1. Determine the potential effectiveness of Safe at Home program on improvements of family functioning and secondary outcomes of reductions in intimate partner violence and child maltreatment
2. Determine the potential effectiveness of the Safe at Home program on changes in pathway outcomes such as attitudes towards harsh discipline, gender attitudes, power-sharing, positive parenting practices, etc.

Study Overview

• Status: Completed
• Conditions: Child Abuse; Domestic Violence; Family Functioning
• Intervention / Treatment: Behavioral: Safe at Home

Detailed Description

For the pilot RTC, quantitative data will be collected from up to 420 individuals participating in the Safe at Home program in the North Kivu, DRC. The 420 individuals comprising the study population will be 210 couples, of which both the male and female partners will be asked to participate in the study. After baseline data collection is completed, within each of the four sites where the program will occur in North Kivu, DRC, two groups of couples will be formed (n=8 groups total). Each group will be formed based on geographical proximity and will mirror real-life implementation of the program and ensure high fidelity to program design and limit contamination or spillover of Safe at Home to the control groups. Groups will then be randomized to receive Safe at Home in Cycle 1 or be waitlisted to receive Safe at Home in Cycle 2. After randomization is completed the Cycle 1 programming will commence. Following a waiting period of 3 months after the program ends, the endline survey will be administered. Subsequently Cycle 2 cohort will receive programming.

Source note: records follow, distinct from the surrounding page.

text \<open>Coordinates outside {1..n} are unconstrained, so the minimum is taken over the compact
  set of feasible points supported on {1..n}.\<close>

lemma R1_has_minimizer:
  assumes "P_feasible n m a b xi x0" "\<forall>i\<in>{1..m}. y i \<ge> 0" "(\<Sum>i\<in>{1..m}. y i * xi i) > 0"
  obtains xs ws where "R1_feasible n m a b xi xs ws"
    "\<And>x w. R1_feasible n m a b xi x w \<Longrightarrow> R1_obj n D c xs ws \<le> R1_obj n D c x w"
proof -
  define C where "C = {(x, w). R1_feasible n m a b xi x w \<and> (\<forall>j. j \<notin> {1..n} \<longrightarrow> x j = 0)}"
  define supp where "supp = (\<lambda>x::nat \<Rightarrow> real. \<lambda>j. if j \<in> {1..n} then x j else 0)"
  have supp: "R1_obj n D c (supp x) w = R1_obj n D c x w" "(supp x, w) \<in> C \<longleftrightarrow> R1_feasible n m a b xi x w"
    for x w
    using R1_feasible_cong[of n "supp x" x] R1_obj_cong[of n "supp x" x]
    by (auto simp: supp_def C_def)
  have "compact C"
    unfolding C_def using assms(2,3) by (rule compact_R1_feasible_supported)
  moreover have "(supp x0, \<Sum>j\<in>{1..n}. (x0 j)\<^sup>2) \<in> C"
    using assms(1) by (simp add: supp R1_feasible_def P_feasible_def)
  then have "C \<noteq> {}" by blast
  moreover have "continuous_on C (\<lambda>p. R1_obj n D c (fst p) (snd p))"
    unfolding R1_obj_def
    by (intro continuous_intros continuous_on_product_then_coordinatewise)
  ultimately obtain p where p: "p \<in> C"
    and p_min: "\<forall>q\<in>C. R1_obj n D c (fst p) (snd p) \<le> R1_obj n D c (fst q) (snd q)"
    by (blast dest: continuous_attains_inf)
  show ?thesis
  proof (rule that)
    show "R1_feasible n m a b xi (fst p) (snd p)" using p by (auto simp: C_def)
    fix x w assume "R1_feasible n m a b xi x w"
    then have "(supp x, w) \<in> C" by (simp add: supp)
    from p_min[rule_format, OF this] show "R1_obj n D c (fst p) (snd p) \<le> R1_obj n D c x w"
      by (simp add: supp)
  qed
qed

lemma eventually_at_right_0_quadratic_neg:
  fixes c0 c1 c2 :: real
  assumes "c0 < 0"
  shows "\<forall>\<^sub>F t in at_right 0. c0 + t * c1 + t\<^sup>2 * c2 < 0"
proof -
  have "((\<lambda>t. c0 + t * c1 + t\<^sup>2 * c2) \<longlongrightarrow> c0 + 0 * c1 + 0\<^sup>2 * c2) (at_right 0)"
    by (intro tendsto_intros)
  then show ?thesis using assms by (simp add: order_tendstoD(2))
qed

lemma R1_constraint_along:
  "(xi::real) * (w + t * d0) + 2 * (\<Sum>j\<in>A. a j * (x j + t * d j))
   = xi * w + 2 * (\<Sum>j\<in>A. a j * x j) + t * (xi * d0 + 2 * (\<Sum>j\<in>A. a j * d j))"
  by (simp add: algebra_simps sum.distrib sum_distrib_left)

lemma sum_squares_along:
  "(\<Sum>j\<in>A. (x j + t * d j)\<^sup>2 :: real) =
   (\<Sum>j\<in>A. (x j)\<^sup>2) + t * (2 * (\<Sum>j\<in>A. x j * d j)) + t\<^sup>2 * (\<Sum>j\<in>A. (d j)\<^sup>2)"
  by (simp add: power2_eq_square algebra_simps sum.distrib sum_distrib_left)

lemma R1_obj_along:
  "R1_obj n D c (\<lambda>j. x j + t * d j) (w + t * d0) = R1_obj n D c x w
   + t * (D 1 * d0 + (\<Sum>j\<in>{1..n}. (2 * (D j - D 1) * x j + 2 * c j) * d j))
   + t\<^sup>2 * (\<Sum>j\<in>{1..n}. (D j - D 1) * (d j)\<^sup>2)"
proof -
  have "(D j - D 1) * (x j + t * d j)\<^sup>2 + 2 * (c j * (x j + t * d j))
      = (D j - D 1) * (x j)\<^sup>2 + 2 * (c j * x j) + t * ((2 * (D j - D 1) * x j + 2 * c j) * d j)
        + t\<^sup>2 * ((D j - D 1) * (d j)\<^sup>2)" for j
    by (simp add: power2_eq_square algebra_simps)
  then have "(\<Sum>j\<in>{1..n}. (D j - D 1) * (x j + t * d j)\<^sup>2) + 2 * (\<Sum>j\<in>{1..n}. c j * (x j + t * d j))
      = (\<Sum>j\<in>{1..n}. (D j - D 1) * (x j)\<^sup>2) + 2 * (\<Sum>j\<in>{1..n}. c j * x j)
        + t * (\<Sum>j\<in>{1..n}. (2 * (D j - D 1) * x j + 2 * c j) * d j)
        + t\<^sup>2 * (\<Sum>j\<in>{1..n}. (D j - D 1) * (d j)\<^sup>2)"
    by (simp add: sum_distrib_left sum.distrib[symmetric])
  then show ?thesis unfolding R1_obj_def by (simp add: algebra_simps)
qed

definition R1_active :: "nat \<Rightarrow> nat \<Rightarrow> (nat \<Rightarrow> nat \<Rightarrow> real) \<Rightarrow> (nat \<Rightarrow> real) \<Rightarrow> (nat \<Rightarrow> real)
    \<Rightarrow> (nat \<Rightarrow> real) \<Rightarrow> real \<Rightarrow> nat set" where
  "R1_active n m a b xi x w = {i\<in>{1..m}. xi i * w + 2 * (\<Sum>j\<in>{1..n}. a i j * x j) = b i}"

lemma R1_feasible_along_eventually:
  assumes f: "R1_feasible n m a b xi xs ws"
    and slack: "(\<Sum>j\<in>{1..n}. (xs j)\<^sup>2) < ws"
    and active: "\<forall>i\<in>R1_active n m a b xi xs ws. xi i * d0 + 2 * (\<Sum>j\<in>{1..n}. a i j * d j) \<le> 0"
  shows "\<forall>\<^sub>F t in at_right 0. R1_feasible n m a b xi (\<lambda>j. xs j + t * d j) (ws + t * d0)"
proof -
  define L where "L = (\<lambda>i t. xi i * (ws + t * d0) + 2 * (\<Sum>j\<in>{1..n}. a i j * (xs j + t * d j)))"
  have "\<forall>\<^sub>F t in at_right 0. (\<Sum>j\<in>{1..n}. (xs j)\<^sup>2) - ws
      + t * (2 * (\<Sum>j\<in>{1..n}. xs j * d j) - d0) + t\<^sup>2 * (\<Sum>j\<in>{1..n}. (d j)\<^sup>2) < 0"
    using slack by (intro eventually_at_right_0_quadratic_neg) simp
  then have ev_cone: "\<forall>\<^sub>F t in at_right 0. (\<Sum>j\<in>{1..n}. (xs j + t * d j)\<^sup>2) \<le> ws + t * d0"
    by eventually_elim (simp add: sum_squares_along algebra_simps)
  have "\<forall>\<^sub>F t in at_right 0. L i t \<le> b i" if i: "i \<in> {1..m}" for i
  proof (cases "i \<in> R1_active n m a b xi xs ws")
    case True
    from eventually_at_right_less[of "0::real"] show ?thesis
    proof (rule eventually_mono)
      fix t :: real assume "0 < t"
      then have "t * (xi i * d0 + 2 * (\<Sum>j\<in>{1..n}. a i j * d j)) \<le> 0"
        using active True by (simp add: mult_nonneg_nonpos)
      then show "L i t \<le> b i" using True by (simp add: L_def R1_constraint_along R1_active_def)
    qed
  next
    case False
    then have "xi i * ws + 2 * (\<Sum>j\<in>{1..n}. a i j * xs j) - b i < 0"
      using f i by (auto simp: R1_feasible_def R1_active_def less_le)
    from eventually_at_right_0_quadratic_neg[OF this, of "xi i * d0 + 2 * (\<Sum>j\<in>{1..n}. a i j * d j)" 0]
    show ?thesis
      by eventually_elim (simp add: L_def R1_constraint_along)
  qed
  then have "\<forall>\<^sub>F t in at_right 0. \<forall>i\<in>{1..m}. L i t \<le> b i"
    by (simp add: eventually_ball_finite)
  with ev_cone show ?thesis
    by eventually_elim (simp add: R1_feasible_def L_def)
qed
(* Let $(Q,\mathcal M)$ be a modulated quiver with $\mathcal M$ v-uniform, $I$ an admissible ideal of $T(Q,\mathcal M)$, $\Psi$ a complexification isomorphism and $J=\Psi(\mathbf e(I\otimes_{\mathbb R}\mathbb C)\mathbf e)$. Then a vertex $v$ of $Q$ is gentle in $(Q,R_I)$ if and only if every fiber of $v$ in $\Gamma$ is gentle in $(\Gamma,J)$.
   Context: Quivers $Q=(Q_0,Q_1,s,t)$ are finite; an arrow $\alpha$ goes from $s(\alpha)$ to $t(\alpha)$. Paths are written from right to left: a path of length $n\ge1$ is $p=\alpha_n\cdots\alpha_1$ with $t(\alpha_k)=s(\alpha_{k+1})$; each vertex $i$ has a trivial path $e_i$. For a division ring $D$, $DQ$ denotes the path algebra of $Q$ over $D$ (free left $D$-module on the paths, scalars commuting with paths, multiplication by concatenation). Let $\mathbb H=\{\begin{bmatrix}a&b\\-\bar b&\bar a\end{bmatrix}:a,b\in\mathbb C\}\subset M_2(\mathbb C)$ be the real quaternions. A modulation $\mathcal M$ of $Q$ assigns to each vertex $i$ a division ring $\mathcal M(i)\in\{\mathbb R,\mathbb C,\mathbb H\}$ and to each arrow $\alpha$ a simple $\mathcal M(t(\alpha))$-$\mathcal M(s(\alpha))$-bimodule $\mathcal M(\alpha)$ on which $\mathbb R$ acts centrally; $(Q,\mathcal M)$ is a modulated quiver. Up to isomorphism there is exactly one such simple bimodule for each pair of these division rings other than $(\mathbb C,\mathbb C)$, and for $(\mathbb C,\mathbb C)$ there are exactly two: $\mathbb C$ with action $a\cdot z\cdot b=azb$, and $\overline{\mathbb C}$, which is $\mathbb C$ as a set with action $a\cdot z\cdot b=az\bar b$. For a path $p=\alpha_n\cdots\alpha_1$ put $\mathcal M(p)=\mathcal M(\alpha_n)\otimes_{\mathcal M(s(\alpha_n))}\cdots\otimes_{\mathcal M(s(\alpha_2))}\mathcal M(\alpha_1)$, and $\mathcal M(e_i)=\mathcal M(i)$. The tensor algebra is $T(Q,\mathcal M)=\prod_{i\in Q_0}\mathcal M(i)\oplus\bigoplus_{p}\mathcal M(p)$ (sum over paths of length $\ge1$). An ideal $I$ of $T(Q,\mathcal M)$ is admissible if $A^m\subseteq I\subseteq A^2$ for some $m\ge2$, where $A$ is the ideal generated by $\bigoplus_{\alpha\in Q_1}\mathcal M(\alpha)$. $\mathcal M$ is v-uniform with $D\in\{\mathbb R,\mathbb C,\mathbb H\}$ if $\mathcal M(i)=D$ for all $i\in Q_0$. Then every $\mathcal M(\alpha)$ has underlying set $D$, and for a path $p$ we write $1_{\mathcal M(p)}=1\otimes\cdots\otimes1\in\mathcal M(p)$ ($1_{\mathcal M(e_i)}$ being the identity of $\mathcal M(i)$). For an ideal $I$ of $T(Q,\mathcal M)$ put $R_I=\{\sum_k d_kp_k\in DQ:\ \sum_k d_k1_{\mathcal M(p_k)}\in I\}$, an ideal of $DQ$. The quiver $\Gamma$ of $(Q,\mathcal M)$: each $i\in Q_0$ with $\mathcal M(i)\in\{\mathbb R,\mathbb H\}$ gives one vertex $i$ of $\Gamma$; each $i$ with $\mathcal M(i)=\mathbb C$ gives two vertices $i,\bar i$. Each arrow $\alpha:i\to j$ of $Q$ gives arrows of $\Gamma$ as follows: if $\mathcal M(i)=\mathcal M(j)\in\{\mathbb R,\mathbb H\}$, one arrow $\alpha:i\to j$; if $\mathcal M(i)=\mathbb C$ and $\mathcal M(j)\in\{\mathbb R,\mathbb H\}$, arrows $\alpha:i\to j$, $\bar\alpha:\bar i\to j$; if $\mathcal M(i)\in\{\mathbb R,\mathbb H\}$ and $\mathcal M(j)=\mathbb C$, arrows $\alpha:i\to j$, $\bar\alpha:i\to\bar j$; if $\{\mathcal M(i),\mathcal M(j)\}=\{\mathbb R,\mathbb H\}$, two arrows $\alpha,\bar\alpha:i\to j$; if $\mathcal M(i)=\mathcal M(j)=\mathbb C$ and $\mathcal M(\alpha)=\mathbb C$, arrows $\alpha:i\to j$, $\bar\alpha:\bar i\to\bar j$; if $\mathcal M(i)=\mathcal M(j)=\mathbb C$ and $\mathcal M(\alpha)=\overline{\mathbb C}$, arrows $\alpha:\bar i\to j$, $\bar\alpha:i\to\bar j$. The map $\pi:\Gamma\to Q$ sends $i,\bar i\mapsto i$ and $\alpha,\bar\alpha\mapsto\alpha$. A vertex or arrow $x$ of $\Gamma$ is a fiber of $\pi(x)$; a path $\beta_n\cdots\beta_1$ of $\Gamma$ is a fiber of the path $\pi(\beta_n)\cdots\pi(\beta_1)$ of $Q$, and the fibers of a trivial path $e_i$ are the trivial paths $e_{i'}$ with $i'$ a fiber of $i$. Identify $\mathbb R\otimes_{\mathbb R}\mathbb C=\mathbb C$, $\mathbb H\otimes_{\mathbb R}\mathbb C\cong M_2(\mathbb C)$ via $h\otimes c\mapsto ch$, and $\mathbb C\otimes_{\mathbb R}\mathbb C\cong\mathbb C\times\mathbb C$ via $a\otimes b\mapsto(ab,\bar ab)$. Let $\mathbf e=(\epsilon_i)_{i\in Q_0}\in\prod_i\mathcal M(i)\otimes_{\mathbb R}\mathbb C\subseteq T(Q,\mathcal M)\otimes_{\mathbb R}\mathbb C$, where $\epsilon_i=1$ if $\mathcal M(i)\in\{\mathbb R,\mathbb C\}$ and $\epsilon_i$ corresponds to the matrix unit $\begin{bmatrix}1&0\\0&0\end{bmatrix}$ if $\mathcal M(i)=\mathbb H$. A complexification isomorphism for $(Q,\mathcal M)$ is a $\mathbb C$-algebra isomorphism $\Psi:\mathbf e(T(Q,\mathcal M)\otimes_{\mathbb R}\mathbb C)\mathbf e\to\mathbb C\Gamma$ such that for every path $p$ of $Q$ (trivial or not), $\Psi(\mathbf e(\mathcal M(p)\otimes_{\mathbb R}\mathbb C)\mathbf e)=\bigoplus_q\mathbb Cq$, the sum over all fibers $q$ of $p$ in $\Gamma$; such isomorphisms exist. Gentle vertices. Let $k$ be a division ring, $Q$ a quiver and $R$ an ideal of $kQ$. A vertex $v$ is gentle in $(Q,R)$ if: (1) at most two arrows start at $v$ and at most two arrows end at $v$; (2) for all arrows $\alpha,\beta,\gamma$ with $\beta\ne\gamma$ and $t(\beta)=t(\gamma)=s(\alpha)=v$, exactly one of $\alpha\beta,\alpha\gamma$ belongs to $R$; (3) for all arrows $\alpha,\gamma,\beta$ with $\alpha\ne\gamma$ and $s(\alpha)=s(\gamma)=t(\beta)=v$, exactly one of $\alpha\beta,\gamma\beta$ belongs to $R$. *)

theory Defs
  imports Complex_Main "HOL-Library.Product_Plus"
begin

record ('v, 'a) quiver =
  verts :: "'v set"
  arrs  :: "'a set"
  src   :: "'a \<Rightarrow> 'v"
  tgt   :: "'a \<Rightarrow> 'v"

definition finite_quiver :: "('v, 'a) quiver \<Rightarrow> bool" where
  "finite_quiver Q \<longleftrightarrow> finite (verts Q) \<and> finite (arrs Q) \<and>
     (\<forall>a\<in>arrs Q. src Q a \<in> verts Q \<and> tgt Q a \<in> verts Q)"

text \<open>A path is a pair (v, [a1,...,an]): start vertex v and the arrows in the order
  they are traversed, so it denotes the path an...a1 (written right to left);
  (v, []) is the trivial path e_v.\<close>
type_synonym ('v, 'a) path = "'v \<times> 'a list"

definition is_path :: "('v, 'a) quiver \<Rightarrow> ('v, 'a) path \<Rightarrow> bool" where
  "is_path Q p \<longleftrightarrow> fst p \<in> verts Q \<and> (\<forall>a\<in>set (snd p). a \<in> arrs Q) \<and>
     (snd p \<noteq> [] \<longrightarrow> src Q (hd (snd p)) = fst p) \<and>
     (\<forall>k. Suc k < length (snd p) \<longrightarrow> tgt Q (snd p ! k) = src Q (snd p ! Suc k))"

• Study Type: Interventional
• Enrollment (Actual): 404
• Phase: Not Applicable

Contacts and Locations

Study Locations

• United States
  • New York
    • New York, New York, United States, 10168
      • International Rescue Committee

Participation Criteria

Eligibility Criteria

• Ages Eligible for Study: 18 years and older (Adult, Older Adult)
• Accepts Healthy Volunteers: No
• Genders Eligible for Study: All

Description

Inclusion Criteria:

• 18 years of age or older
• registered for the Safe at Home program
• living with intimate partner who is also registered for the program and at least one child aged 6-12
• speaker of Swahili, Kinyarwanda, or French

Exclusion criteria includes:

• < 18 years of age
• being of a polygamous household
• not registered for program
• obvious mental, or cognitive, or communication difficulties.

Study Plan

How is the study designed?

Design Details

• Primary Purpose: Prevention
• Allocation: Randomized
• Interventional Model: Parallel Assignment
• Masking: None (Open Label)

Number of Arms

2

Arms and Interventions

Participant Group / Arm	Intervention / Treatment
Experimental: Safe at Home Cycle 1; The experimental arm will receive the Safe at Home program which is a community-based discussion group series aiming to prevent and respond to intimate partner violence and child maltreatment in conflict-affected communities. It includes once weekly, single-sex discussion groups with coupled men and women and once monthly family discussion groups with couples and children. During the weekly sessions men and women reflect critically and engage in dialogue related to gender, power, and privilege, learn about the causes and consequence of violence against women and children and gain skills in stress management, psychosocial support and positive parenting strategies. Family sessions focus on improving relationship quality and shared decision-making among partners and participation of children in family decision-making.	Behavioral: Safe at Home; Discussion-based intervention
No Intervention: Safe at Home Cycle 2; During the period of the study, this group will not receive an intervention. Rather, this arm will receive the Safe at Home program after endline data collection is completed for a waitlisted group.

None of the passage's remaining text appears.